The CS-MKL-SVM parameters are numerous, including the regularization coefficients \(C_+\) and \(C_-\) of the positive and negative samples, the polynomial kernel degree d, the RBF kernel width g, and the multikernel weight m. The grid search algorithm can be used to find the optimal parameter set in the sense of cross-validation (CV). However, due to the excessive numbers of parameters in the nested cycles and layers, grid searching leads to a large number of calculations and a long running time. Moreover, the global optimal solution cannot be found if the grid search step size is not dense enough. However, the optimal parameter set can be found quickly by a heuristic algorithm without traversing all parameter points.

1.2 CS-MKL-SVM Optimization Algorithm based on PSO

Particle swarm optimization (PSO), which searches by tracking the optimal particle in the solution space, is a heuristic algorithm based on swarm intelligence.

Suppose that in a D-dimensional search space, the species group \(X=(X_1,X_2,\ldots ,X_n)\) is composed of n particles, and \(X_i=(x_{i1},x_{i2},\ldots ,x_{iD})^T\) represents the position of the \(i^{th}\) particle in the D-dimensional parameter searching space. The fitness value corresponding to each particle \(X_i\) can be calculated according to the objective function. The velocity of the i th particle is \(V_i=(V_{i1},V_{i2},\ldots ,V_{iD})^T\), its individual extremum is \(P_i=(P_{i1},P_{i2},\ldots ,P_{iD})^T\), and the group extremum is \(P_g=(P_{g1},P_{g2},\ldots ,P_{gD})^T\). In each iteration, the particle updates its speed and position through the individual extremum and group extremum, and the updated expression is as follows:

$$\begin{aligned} V_{id}^{k+1}= & {} \omega V_{id}^{k}+c_1r_1(P_{id}^{k}-X_{id}^{k})+c_2r_2(P_{gd}^{k}-X_{id}^{k}) \end{aligned}$$
(9)
$$\begin{aligned} X_{id}^{k+1}= & {} X_{id}^{k}+V_{id}^{k+1} \end{aligned}$$
(10)

where k is the current number of iterations, \(\omega \) is the inertia weight, \(d=1,2,\ldots , D\), \(V_{id}\) is the velocity of the \(i^{th}\) particle in the D-dimensional space,\(c_1\) and \(c_2\) are nonnegative constant acceleration factors, and the parameters \(r_1\) and \(r_2\) are random numbers distributed in the interval [0, 1]. To prevent the blind search of particles, the velocity and position are usually limited to \([-V_{max},V_{max}]\) and \([-X_{max},X_{max}]\) respectively.

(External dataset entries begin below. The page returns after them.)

lemma exists_bij_shadowing:
  fixes A :: "'a::banach set" and T :: "'a \<Rightarrow> 'b::banach"
  assumes "M > 0" and "L \<ge> 0"
    and lower: "\<And>c c'. c \<in> A \<Longrightarrow> c' \<in> A \<Longrightarrow> norm (c - c') / M - L \<le> norm (T c - T c')"
    and upper: "\<And>c c'. c \<in> A \<Longrightarrow> c' \<in> A \<Longrightarrow> norm (T c - T c') \<le> M * norm (c - c') + L"
    and dense_A: "\<And>x. \<exists>c\<in>A. norm (x - c) \<le> \<xi>E"
    and dense_TA: "\<And>y. \<exists>c\<in>A. norm (y - T c) \<le> \<xi>F"
    and "\<epsilon> > 0"
  obtains h where "bij h"
    and "\<And>x. \<exists>c\<in>A. norm (x - c) \<le> \<xi>E + \<epsilon> \<and> norm (h x - T c) \<le> \<xi>F + \<epsilon>"
    and "\<And>x. x \<in> A \<Longrightarrow> norm (h x - T x) \<le> \<epsilon> + \<xi>F + M * \<epsilon> + L"
proof -
  obtain a where a: "\<And>x. a x \<in> A" "\<And>x. norm (x - a x) \<le> \<xi>E" and a_id: "\<And>x. x \<in> A \<Longrightarrow> a x = x"
    using exists_retraction_onto_dense[OF dense_A] by blast
  obtain g where g: "\<And>y. g y \<in> A \<and> norm (y - T (g y)) \<le> \<xi>F"
    using dense_TA by metis
  obtain i j where "inj i" and i: "\<And>x. norm (i x - T (a x)) < \<epsilon>"
    and "inj j" and j: "\<And>y. norm (j y - g y) < \<epsilon>"
    using exists_inj_near_coarse_inverses[where a = a and g = g, OF \<open>M > 0\<close> \<open>\<epsilon> > 0\<close> lower] a g
    by blast
  obtain h where "bij h" and h: "\<And>x. h x = i x \<or> j (h x) = x"
    using Schroeder_Bernstein_piecewise[OF \<open>inj i\<close> \<open>inj j\<close>] by blast
  have "\<xi>E \<ge> 0" and "\<xi>F \<ge> 0" and "M * \<epsilon> \<ge> 0"
    using a(2)[of 0] g[of 0] \<open>M > 0\<close> \<open>\<epsilon> > 0\<close> norm_ge_zero order_trans by (blast, blast, simp)
  have "\<exists>c\<in>A. norm (x - c) \<le> \<xi>E + \<epsilon> \<and> norm (h x - T c) \<le> \<xi>F + \<epsilon>" for x
  proof (cases "h x = i x")
    case True
    then show ?thesis
      using a[of x] i[of x] \<open>\<epsilon> > 0\<close> \<open>\<xi>F \<ge> 0\<close> by (intro bexI[of _ "a x"]) auto
  next
    case False
    then have "norm (x - g (h x)) < \<epsilon>"
      using h[of x] j[of "h x"] by metis
    then show ?thesis
      using g[of "h x"] \<open>\<epsilon> > 0\<close> \<open>\<xi>E \<ge> 0\<close> by (intro bexI[of _ "g (h x)"]) auto
  qed
  moreover have "norm (h x - T x) \<le> \<epsilon> + \<xi>F + M * \<epsilon> + L" if "x \<in> A" for x
  proof (cases "h x = i x")
    case True
    then show ?thesis
      using i[of x] a_id[OF that] \<open>\<xi>F \<ge> 0\<close> \<open>L \<ge> 0\<close> \<open>M * \<epsilon> \<ge> 0\<close> by simp
  next
    case False
    then have "M * norm (g (h x) - x) \<le> M * \<epsilon>"
      using h[of x] j[of "h x"] \<open>M > 0\<close> by (simp add: norm_minus_commute)
    then have "norm (T (g (h x)) - T x) \<le> M * \<epsilon> + L"
      using upper[of "g (h x)" x] g that by fastforce
    then show ?thesis
      using norm_triangle_ineq[of "h x - T (g (h x))" "T (g (h x)) - T x"] g[of "h x"] \<open>\<epsilon> > 0\<close>
      by (simp add: norm_minus_commute)
  qed
  ultimately show ?thesis
    using that \<open>bij h\<close> by blast
qed

lemma coarse_qi_if_surj:
  fixes T :: "'a::metric_space \<Rightarrow> 'b::metric_space"
  assumes "surj T" and "M > 0" and "L \<ge> 0"
    and "\<And>x y. dist x y / M - L \<le> dist (T x) (T y)"
    and "\<And>x y. dist (T x) (T y) \<le> M * dist x y + L"
  shows "coarse_qi M L T"
proof -
  have "xi_dense (range T) 1"
    using \<open>surj T\<close> by (simp add: xi_dense_def) (metis dist_self zero_le_one)
  then show ?thesis
    unfolding coarse_qi_def using assms zero_less_one by blast
qed

lemma coarse_qi_mono:
  assumes "coarse_qi M L T" and "L \<le> L'"
  shows "coarse_qi M L' T"
  using assms unfolding coarse_qi_def by (smt (verit))

text \<open>The choice \<open>\<epsilon> = \<xi>\<^sub>F / (1 + M)\<close> makes the losses \<open>\<epsilon>\<close> and \<open>M \<epsilon>\<close> add up to \<open>\<xi>\<^sub>F\<close>.\<close>
theorem exists_bij_coarse_qi_near:
  fixes A :: "'a::banach set" and T :: "'a \<Rightarrow> 'b::banach"
  assumes "M > 0" and "L \<ge> 0" and "\<xi>F > 0"
    and lower: "\<And>c c'. c \<in> A \<Longrightarrow> c' \<in> A \<Longrightarrow> norm (c - c') / M - L \<le> norm (T c - T c')"
    and upper: "\<And>c c'. c \<in> A \<Longrightarrow> c' \<in> A \<Longrightarrow> norm (T c - T c') \<le> M * norm (c - c') + L"
    and dense_A: "\<And>x. \<exists>c\<in>A. norm (x - c) \<le> \<xi>E"
    and dense_TA: "\<And>y. \<exists>c\<in>A. norm (y - T c) \<le> \<xi>F"
  obtains h where "bij h" and "coarse_qi M (L + 2 * (M * \<xi>E) + 4 * \<xi>F) h"
    and "\<And>x. x \<in> A \<Longrightarrow> norm (h x - T x) \<le> L + 2 * \<xi>F"
proof -
  have "\<xi>E \<ge> 0"
    using dense_A norm_ge_zero order_trans by blast
  then have "M * \<xi>E \<ge> 0"
    using \<open>M > 0\<close> by simp
  define \<epsilon> where "\<epsilon> = \<xi>F / (1 + M)"
  have "\<epsilon> > 0" and "(1 + M) * \<epsilon> = \<xi>F"
    using \<open>M > 0\<close> \<open>\<xi>F > 0\<close> by (simp_all add: \<epsilon>_def)
  then have \<epsilon>: "\<epsilon> + M * \<epsilon> = \<xi>F"
    by (simp add: distrib_right)
  obtain h where "bij h"
    and shadow: "\<And>x. \<exists>c\<in>A. norm (x - c) \<le> \<xi>E + \<epsilon> \<and> norm (h x - T c) \<le> \<xi>F + \<epsilon>"
    and displacement: "\<And>x. x \<in> A \<Longrightarrow> norm (h x - T x) \<le> \<epsilon> + \<xi>F + M * \<epsilon> + L"
    using exists_bij_shadowing[OF \<open>M > 0\<close> \<open>L \<ge> 0\<close> lower upper dense_A dense_TA \<open>\<epsilon> > 0\<close>] by blast
  have "L + 2 * M * (\<xi>E + \<epsilon>) + 2 * (\<xi>F + \<epsilon>) = L + 2 * (M * \<xi>E) + 4 * \<xi>F"
    unfolding \<epsilon>[symmetric] by (simp add: algebra_simps)
  then have "coarse_qi M (L + 2 * (M * \<xi>E) + 4 * \<xi>F) h"
  proof (intro coarse_qi_if_surj)
    show "dist (h x) (h y) \<le> M * dist x y + (L + 2 * (M * \<xi>E) + 4 * \<xi>F)"
      if "L + 2 * M * (\<xi>E + \<epsilon>) + 2 * (\<xi>F + \<epsilon>) = L + 2 * (M * \<xi>E) + 4 * \<xi>F" for x y
    proof -
      have "norm (h x - h y) \<le> M * norm (x - y) + (L + 2 * M * (\<xi>E + \<epsilon>) + 2 * (\<xi>F + \<epsilon>))"
        using less_imp_le[OF \<open>M > 0\<close>] upper shadow by (rule shadowing_dist_upper)
      with that show ?thesis
        unfolding dist_norm by linarith
    qed
    show "dist x y / M - (L + 2 * (M * \<xi>E) + 4 * \<xi>F) \<le> dist (h x) (h y)" for x y
    proof (cases "x = y")
      case False
      then have "M \<ge> 1"
        using coarse_qi_constant_ge_one[OF \<open>M > 0\<close> dense_A, of "x - y" L] lower upper
        by (meson order_trans right_minus_eq)
      then have "\<xi>E \<le> M * \<xi>E" and "\<epsilon> \<le> M * \<epsilon>"
        using \<open>\<xi>E \<ge> 0\<close> \<open>\<epsilon> > 0\<close> by (simp_all add: mult_le_cancel_right1)
      moreover have "norm (x - y) / M - (L + 2 * (\<xi>E + \<epsilon>) + 2 * (\<xi>F + \<epsilon>)) \<le> norm (h x - h y)"
        using \<open>M \<ge> 1\<close> lower shadow by (rule shadowing_dist_lower)
      ultimately show ?thesis
        using \<epsilon> by (simp add: dist_norm algebra_simps)
    qed (use \<open>L \<ge> 0\<close> \<open>M * \<xi>E \<ge> 0\<close> \<open>\<xi>F > 0\<close> in simp)
  qed (use \<open>M > 0\<close> \<open>L \<ge> 0\<close> \<open>M * \<xi>E \<ge> 0\<close> \<open>\<xi>F > 0\<close> \<open>bij h\<close> bij_is_surj in auto)
  moreover have "norm (h x - T x) \<le> L + 2 * \<xi>F" if "x \<in> A" for x
    using displacement[OF that] \<epsilon> by linarith
  ultimately show ?thesis
    using that \<open>bij h\<close> by blast
qed

theorem fact1:
  fixes A :: "'a::banach set" and B :: "'b::banach set" and T :: "'a \<Rightarrow> 'b"
    and M L xiE xiF :: real
  assumes "M > 0" and "L \<ge> 0"
    and "xiE > 0" and "xiF > 0"
    and "xi_dense A xiE" and "xi_dense B xiF"
    and "T ` A = B"
    and "\<forall>x\<in>A. \<forall>y\<in>A. norm (x - y) / M - L \<le> norm (T x - T y)
                         \<and> norm (T x - T y) \<le> M * norm (x - y) + L"
  shows "\<exists>T'::'a \<Rightarrow> 'b. bij T' \<and>
           coarse_qi M ((4 * M^2 + 3) * L + 4 * xiF + 2 * M * xiE) T' \<and>
           (\<forall>x\<in>A. norm (T' x - T x) \<le> (2 * M^2 + 2) * L + 2 * xiF + M * xiE)"
proof -
  have lower: "\<And>c c'. c \<in> A \<Longrightarrow> c' \<in> A \<Longrightarrow> norm (c - c') / M - L \<le> norm (T c - T c')"
    and upper: "\<And>c c'. c \<in> A \<Longrightarrow> c' \<in> A \<Longrightarrow> norm (T c - T c') \<le> M * norm (c - c') + L"
    using assms(8) by blast+
  have dense_A: "\<And>x. \<exists>c\<in>A. norm (x - c) \<le> xiE"
    using assms(5) by (simp add: xi_dense_def dist_norm)
  have dense_TA: "\<And>y. \<exists>c\<in>A. norm (y - T c) \<le> xiF"
    using assms(6,7) by (auto simp: xi_dense_def dist_norm)
  obtain h where "bij h" and qi: "coarse_qi M (L + 2 * (M * xiE) + 4 * xiF) h"
    and near: "\<And>x. x \<in> A \<Longrightarrow> norm (h x - T x) \<le> L + 2 * xiF"
    using exists_bij_coarse_qi_near[OF assms(1,2,4) lower upper dense_A dense_TA] by blast
  have bounds: "M\<^sup>2 * L \<ge> 0" "M * xiE \<ge> 0" "L \<ge> 0"
    using assms(1-3) by simp_all
  have constants: "(4 * M^2 + 3) * L + 4 * xiF + 2 * M * xiE = 4 * (M\<^sup>2 * L) + 3 * L + 4 * xiF + 2 * (M * xiE)"
    "(2 * M^2 + 2) * L + 2 * xiF + M * xiE = 2 * (M\<^sup>2 * L) + 2 * L + 2 * xiF + M * xiE"
    by algebra+
  have "coarse_qi M ((4 * M^2 + 3) * L + 4 * xiF + 2 * M * xiE) h"
    using qi by (rule coarse_qi_mono) (use bounds constants in linarith)
  moreover have "norm (h x - T x) \<le> (2 * M^2 + 2) * L + 2 * xiF + M * xiE" if "x \<in> A" for x
    using near[OF that] bounds constants by linarith
  ultimately show ?thesis
    using \<open>bij h\<close> by blast
qed

end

1.3 The New Target Function based on the F-score

In the classic PSO algorithm, a single evaluation metric in the sense of CV is usually taken as the final goal and is determined as the fitness function value, but it cannot evaluate the recognition results well for special problems. Therefore, the concept of harmonic mean in statistics is introduced. In statistics, the harmonic mean is the inverse of the arithmetic mean of the inverse of each statistical variable ( Parkash and Thukral 2010), as shown in equation (11):

$$\begin{aligned} H = \frac{n}{{\frac{1}{{{x_1}}} + \frac{1}{{{x_2}}} + \cdots + \frac{1}{{{x_n}}}}} \end{aligned}$$
(11)

where H is the harmonic mean, n is the total number of variables, and \(x_{i}\) represents the \(i^{th}\) variable, \(i=1,2,\ldots , n\).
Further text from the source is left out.